Selama lima tahun, Jammu dan Kashmir berada di bawah kendali federal tanpa perwakilan lokal dan pemilu kali ini memberikan kesempatan yang telah lama ditunggu-tunggu bagi masyarakat untuk menyuarakan keprihatinan mereka.
“Akhirnya kami bisa menemui pejabat terpilih untuk menyampaikan permasalahan kami,” kata Mohammad Abdul Dar, 65 tahun.
Di Uri, sekitar 150km (93 mil) jauhnya, kota terakhir di dekat Garis Kontrol – perbatasan de facto dengan Kashmir yang dikuasai Pakistan – anggota parlemen yang baru terpilih dari Partai Awami Ittehad (AIP) Insinyur Rashid berbicara kepada orang banyak yang hiruk pikuk. Rashid, yang dipenjara sejak 2019 atas tuduhan pendanaan teror yang dibantahnya, telah diberikan jaminan sementara untuk kampanye pemilu.
Ketika perjuangan pribadi Rashid tampaknya mendapat tanggapan mendalam dari para pemilih, orang-orang berbondong-bondong datang ke iring-iringan mobilnya, satu untuk selfie, satu lagi untuk jaket.
“Saya menginginkan pembangunan dan solusi terhadap masalah Jammu dan Kashmir,” kata Rashid. Kini menjadi bagian dari sistem sebagai anggota parlemen, katanya, akan membantunya mengangkat isu-isu ini di Delhi.
Insinyur sipil Tanveer Chalkoo, 29, mendengarkan Rashid dengan penuh perhatian.
Menyebut pencabutan otonomi sebagai “jenis ketidakadilan terburuk”, Tanveer bertanya mengapa ia harus diperlakukan berbeda sebagai orang India.
“Masyarakat telah kehilangan haknya selama 10 tahun terakhir,” katanya.
Pemerintahan BJP menegaskan bahwa penghapusan status khusus wilayah tersebut dan menempatkannya di bawah pemerintahan langsung telah menghasilkan perdamaian dan pembangunan, dengan Perdana Menteri Modi mengumumkan proyek senilai $700 juta (£523 juta) selama kunjungannya pada bulan Maret. Sekarang tergantung pada Insinyur Aijaz Hussain, kandidat BJP di Lal Chowk di Srinagar, untuk meyakinkan para pemilih tentang pesan ini.

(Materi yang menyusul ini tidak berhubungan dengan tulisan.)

(* Circulants are diagonalised by the discrete Fourier transform: Circ(a) acts on the
   l-th Fourier vector as multiplication by lambda_l = sum_r a_r zeta^(r l), so exp(-i t Circ(a))
   is the circulant with eigenvalues exp(-i t lambda_l).  Using
   sum_(r=1)^(n-1) zeta^(r l) / (zeta^(-r) - 1) = l + sum_(r=1)^(n-1) 1 / (zeta^(-r) - 1)
   and Fourier inversion one finds lambda_l = n c_l + l + kappa for one real kappa.  At
   t = 2 pi s / n the factor exp(-i t lambda_l) is exp(-i t kappa) zeta^(-s l), so the evolution is
   a unimodular multiple of the cyclic shift by s, which sends v to v + s mod n.  The hypothesis
   on c only makes a_1 vanish; of p and q nothing is used beyond n = p q > 1. *)

theory Submission
  imports "HOL-Analysis.Complex_Transcendental" Defs
begin

definition unity_root :: "nat \<Rightarrow> int \<Rightarrow> complex" where
  "unity_root n k = exp (of_int k * (2 * of_real pi * \<i> / of_nat n))"

lemma zeta_powi_eq_unity_root: "zeta n powi k = unity_root n k"
  unfolding zeta_def unity_root_def by (simp add: exp_power_int)

lemma unity_root_add: "unity_root n (a + b) = unity_root n a * unity_root n b"
  unfolding unity_root_def by (simp only: of_int_add distrib_right exp_add)

lemma unity_root_0 [simp]: "unity_root n 0 = 1"
  unfolding unity_root_def by simp

lemma unity_root_nonzero [simp]: "unity_root n k \<noteq> 0"
  unfolding unity_root_def by simp

lemma unity_root_minus: "unity_root n (- k) = inverse (unity_root n k)"
  unfolding unity_root_def by (simp add: exp_minus)

lemma cnj_unity_root: "cnj (unity_root n k) = unity_root n (- k)"
  unfolding unity_root_def by (simp add: exp_cnj)

lemma unity_root_mult_of_nat: "unity_root n (d * int l) = unity_root n d ^ l"
proof -
  have "unity_root n (d * int l) = exp (of_nat l * (of_int d * (2 * of_real pi * \<i> / of_nat n)))"
    unfolding unity_root_def by (simp add: algebra_simps)
  then show ?thesis
    unfolding unity_root_def exp_of_nat_mult by simp
qed

lemma unity_root_eq_1_iff:
  assumes "n > 0"
  shows "unity_root n k = 1 \<longleftrightarrow> int n dvd k"
proof -
  have "unity_root n k = 1 \<longleftrightarrow> (\<exists>m::int. 2 * pi * of_int k / of_nat n = of_int (2 * m) * pi)"
    unfolding unity_root_def exp_eq_1 by (simp add: field_simps)
  also have "\<dots> \<longleftrightarrow> (\<exists>m::int. of_int k = (of_int (m * int n) :: real))"
    using assms by (auto simp: field_simps)
  also have "\<dots> \<longleftrightarrow> int n dvd k"
    by (metis dvd_def mult.commute of_int_eq_iff)
  finally show ?thesis .
qed

lemma unity_root_cong:
  assumes "n > 0" and "int n dvd a - b"
  shows "unity_root n a = unity_root n b"
proof -
  have "a = (a - b) + b" by simp
  then show ?thesis
    using unity_root_add[of n "a - b" b] unity_root_eq_1_iff[OF assms(1)] assms(2) by simp
qed

lemma int_dvd_small_iff:
  fixes x n :: int
  assumes "- n < x" and "x < n"
  shows "n dvd x \<longleftrightarrow> x = 0"
  using dvd_imp_le_int[of x n] assms by (cases "x = 0") auto

lemma sum_unity_root:
  assumes "n > 0"
  shows "(\<Sum>l<n. unity_root n (d * int l)) = (if int n dvd d then of_nat n else 0)"
proof (cases "int n dvd d")
  case True
  then have "unity_root n (d * int l) = 1" for l
    using unity_root_eq_1_iff[OF assms] by simp
  then show ?thesis
    using True by simp
next
  case False
  then have "unity_root n d \<noteq> 1"
    using unity_root_eq_1_iff[OF assms] by simp
  moreover have "unity_root n d ^ n = 1"
    using unity_root_mult_of_nat[of n d n] unity_root_eq_1_iff[OF assms, of "d * int n"] by simp
  ultimately show ?thesis
    using False geometric_sum[of "unity_root n d" n] by (simp add: unity_root_mult_of_nat)
qed

lemma sum_unity_root_diff:
  assumes "i < n" and "k < n"
  shows "(\<Sum>l<n. unity_root n ((int i - int k) * int l)) = (if i = k then of_nat n else 0)"
  using sum_unity_root[of n "int i - int k"] int_dvd_small_iff[of "int n" "int i - int k"] assms
  by auto

(* The circulant that multiplies the Fourier vector (unity_root n (j * l))_j by beta l. *)
definition circ_of_spectrum :: "nat \<Rightarrow> (nat \<Rightarrow> complex) \<Rightarrow> complex mat" where
  "circ_of_spectrum n \<beta> =
     mat n n (\<lambda>(i, k). (\<Sum>l<n. \<beta> l * unity_root n ((int i - int k) * int l)) / of_nat n)"

lemma dim_circ_of_spectrum [simp]:
  "dim_row (circ_of_spectrum n \<beta>) = n" "dim_col (circ_of_spectrum n \<beta>) = n"
  unfolding circ_of_spectrum_def by simp_all

lemma index_circ_of_spectrum:
  "i < n \<Longrightarrow> k < n \<Longrightarrow> circ_of_spectrum n \<beta> $$ (i, k)
     = (\<Sum>l<n. \<beta> l * unity_root n ((int i - int k) * int l)) / of_nat n"
  unfolding circ_of_spectrum_def by simp

lemma circ_of_spectrum_cong:
  "(\<And>l. l < n \<Longrightarrow> \<alpha> l = \<beta> l) \<Longrightarrow> circ_of_spectrum n \<alpha> = circ_of_spectrum n \<beta>"
  unfolding circ_of_spectrum_def by (intro cong_mat refl) (auto intro!: sum.cong)

lemma sum_unity_root_convolution:
  assumes "n > 0" and "l < n" and "l' < n"
  shows "(\<Sum>j<n. unity_root n ((int i - int j) * int l) * unity_root n ((int j - int k) * int l'))
        = (if l = l' then of_nat n * unity_root n ((int i - int k) * int l) else 0)"
proof -
  have "unity_root n ((int i - int j) * int l) * unity_root n ((int j - int k) * int l')
       = unity_root n (int i * int l - int k * int l') * unity_root n ((int l' - int l) * int j)" for j
    by (simp only: unity_root_add[symmetric]) (simp add: algebra_simps)
  then have "(\<Sum>j<n. unity_root n ((int i - int j) * int l) * unity_root n ((int j - int k) * int l'))
     = unity_root n (int i * int l - int k * int l') * (\<Sum>j<n. unity_root n ((int l' - int l) * int j))"
    by (simp add: sum_distrib_left)
  then show ?thesis
    using sum_unity_root_diff[OF assms(3,2)] by (simp add: algebra_simps)
qed

lemma circ_of_spectrum_mult:
  assumes "n > 0"
  shows "circ_of_spectrum n \<alpha> * circ_of_spectrum n \<beta> = circ_of_spectrum n (\<lambda>l. \<alpha> l * \<beta> l)"
proof (rule eq_matI)
  fix i k
  assume "i < dim_row (circ_of_spectrum n (\<lambda>l. \<alpha> l * \<beta> l))"
    and "k < dim_col (circ_of_spectrum n (\<lambda>l. \<alpha> l * \<beta> l))"
  then have i: "i < n" and k: "k < n"
    by simp_all
  let ?e = "\<lambda>i k l. unity_root n ((int i - int k) * int l)"
  have "(circ_of_spectrum n \<alpha> * circ_of_spectrum n \<beta>) $$ (i, k)
      = (\<Sum>j<n. circ_of_spectrum n \<alpha> $$ (i, j) * circ_of_spectrum n \<beta> $$ (j, k))"
    using i k by (simp add: scalar_prod_def atLeast0LessThan circ_of_spectrum_def)
  also have "\<dots> = (\<Sum>j<n. \<Sum>l<n. \<Sum>l'<n. \<alpha> l * \<beta> l' * (?e i j l * ?e j k l')) / (of_nat n * of_nat n)"
    using i k by (simp add: index_circ_of_spectrum sum_divide_distrib sum_product mult_ac)
  also have "(\<Sum>j<n. \<Sum>l<n. \<Sum>l'<n. \<alpha> l * \<beta> l' * (?e i j l * ?e j k l'))
      = (\<Sum>l<n. \<Sum>l'<n. \<Sum>j<n. \<alpha> l * \<beta> l' * (?e i j l * ?e j k l'))"
    by (subst sum.swap) (rule sum.cong[OF refl], rule sum.swap)
  also have "\<dots> = (\<Sum>l<n. \<Sum>l'<n. \<alpha> l * \<beta> l' * (\<Sum>j<n. ?e i j l * ?e j k l'))"
    by (simp only: sum_distrib_left)
  also have "\<dots> = (\<Sum>l<n. \<alpha> l * \<beta> l * (of_nat n * ?e i k l))"
  proof (rule sum.cong[OF refl])
    fix l assume "l \<in> {..<n}"
    then have "(\<Sum>l'<n. \<alpha> l * \<beta> l' * (\<Sum>j<n. ?e i j l * ?e j k l'))
        = (\<Sum>l'<n. if l = l' then \<alpha> l * \<beta> l * (of_nat n * ?e i k l) else 0)"
      by (intro sum.cong refl) (simp add: sum_unity_root_convolution[OF assms])
    then show "(\<Sum>l'<n. \<alpha> l * \<beta> l' * (\<Sum>j<n. ?e i j l * ?e j k l'))
        = \<alpha> l * \<beta> l * (of_nat n * ?e i k l)"
      using \<open>l \<in> {..<n}\<close> by simp
  qed
  finally show "(circ_of_spectrum n \<alpha> * circ_of_spectrum n \<beta>) $$ (i, k)
      = circ_of_spectrum n (\<lambda>l. \<alpha> l * \<beta> l) $$ (i, k)"
    using assms i k by (simp add: index_circ_of_spectrum sum_distrib_left sum_divide_distrib mult_ac)
qed (simp_all add: circ_of_spectrum_def)

lemma circ_of_spectrum_1: "circ_of_spectrum n (\<lambda>_. 1) = 1\<^sub>m n"
  by (rule eq_matI) (simp_all add: index_circ_of_spectrum sum_unity_root_diff circ_of_spectrum_def)

lemma circ_of_spectrum_power:
  assumes "n > 0"
  shows "circ_of_spectrum n \<beta> ^\<^sub>m m = circ_of_spectrum n (\<lambda>l. \<beta> l ^ m)"
proof (induction m)
  case 0
  show ?case
    using circ_of_spectrum_1[of n] by (simp add: circ_of_spectrum_def)
next
  case (Suc m)
  then show ?case
    by (simp add: circ_of_spectrum_mult[OF assms] mult.commute)
qed

lemma smult_circ_of_spectrum:
  "c \<cdot>\<^sub>m circ_of_spectrum n \<beta> = circ_of_spectrum n (\<lambda>l. c * \<beta> l)"
  by (rule eq_matI)
    (simp_all add: index_circ_of_spectrum sum_distrib_left mult.assoc circ_of_spectrum_def)

lemma mat_exp_circ_of_spectrum:
  assumes "n > 0"
  shows "mat_exp (circ_of_spectrum n \<beta>) = circ_of_spectrum n (\<lambda>l. exp (\<beta> l))"
proof (rule eq_matI)
  fix i k
  assume "i < dim_row (circ_of_spectrum n (\<lambda>l. exp (\<beta> l)))"
    and "k < dim_col (circ_of_spectrum n (\<lambda>l. exp (\<beta> l)))"
  then have i: "i < n" and k: "k < n"
    by simp_all
  let ?e = "\<lambda>l. unity_root n ((int i - int k) * int l) / of_nat n"
  have exp_sums: "(\<lambda>m. z ^ m / of_nat (fact m)) sums exp z" for z :: complex
    using exp_converges[of z] by (simp add: scaleR_conv_of_real divide_inverse mult.commute)
  have "(\<lambda>m. \<Sum>l<n. \<beta> l ^ m / of_nat (fact m) * ?e l) sums (\<Sum>l<n. exp (\<beta> l) * ?e l)"
    by (intro sums_sum sums_mult2 exp_sums)
  moreover have "(\<Sum>l<n. \<beta> l ^ m / of_nat (fact m) * ?e l)
      = (circ_of_spectrum n \<beta> ^\<^sub>m m) $$ (i, k) / of_nat (fact m)" for m
    unfolding circ_of_spectrum_power[OF assms] index_circ_of_spectrum[OF i k] sum_divide_distrib
    by (intro sum.cong refl) simp
  ultimately show "mat_exp (circ_of_spectrum n \<beta>) $$ (i, k) = circ_of_spectrum n (\<lambda>l. exp (\<beta> l)) $$ (i, k)"
    using i k by (simp add: mat_exp_def index_circ_of_spectrum sum_divide_distrib sums_iff)
qed (simp_all add: mat_exp_def circ_of_spectrum_def)

definition circ_eigenvalue :: "nat \<Rightarrow> (nat \<Rightarrow> complex) \<Rightarrow> nat \<Rightarrow> complex" where
  "circ_eigenvalue n a l = (\<Sum>r<n. a r * unity_root n (int r * int l))"

lemma int_dvd_iff_circ_index:
  assumes "i < n" and "k < n" and "r < n"
  shows "int n dvd int r + int i - int k \<longleftrightarrow> r = (n + k - i) mod n"
proof -
  have "int ((n + k - i) mod n) = (int k - int i + int n) mod int n"
    using assms(1) by (simp add: of_nat_mod of_nat_diff algebra_simps)
  also have "\<dots> = (int k - int i) mod int n"
    by simp
  finally have "r = (n + k - i) mod n \<longleftrightarrow> int r mod int n = (int k - int i) mod int n"
    using assms(3) by (metis of_nat_eq_iff mod_less of_nat_mod)
  also have "\<dots> \<longleftrightarrow> int n dvd int r + int i - int k"
    by (simp add: mod_eq_dvd_iff algebra_simps)
  finally show ?thesis ..
qed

“Dulu tidak ada yang melakukan door to door (kampanye). Hari ini, memang demikian. Ini adalah prestasi kita, bukan?” kata Aijaz.
Dia menunjuk pada rekor jumlah pemilih dalam pemilihan parlemen baru-baru ini dan peningkatan jumlah pemilih sebagai bukti kepercayaan terhadap proses pemilu. Namun, terlepas dari klaim tersebut, BJP tidak ikut serta dalam pemilu tersebut dan kini hanya mengajukan kandidat di 19 dari 47 kursi Majelis di Lembah Kashmir.
Kubu partai ini tetap berada di wilayah Jammu yang didominasi umat Hindu dengan 43 kursi, dan partai ini berharap bisa mendapatkan perolehan suara yang bagus.
“Organisasi kami lemah di daerah pemilihan lain,” aku Aijaz.
BJP nasionalis Hindu sedang mencoba membuat terobosan ke Lembah Kashmir yang mayoritas penduduknya Muslim.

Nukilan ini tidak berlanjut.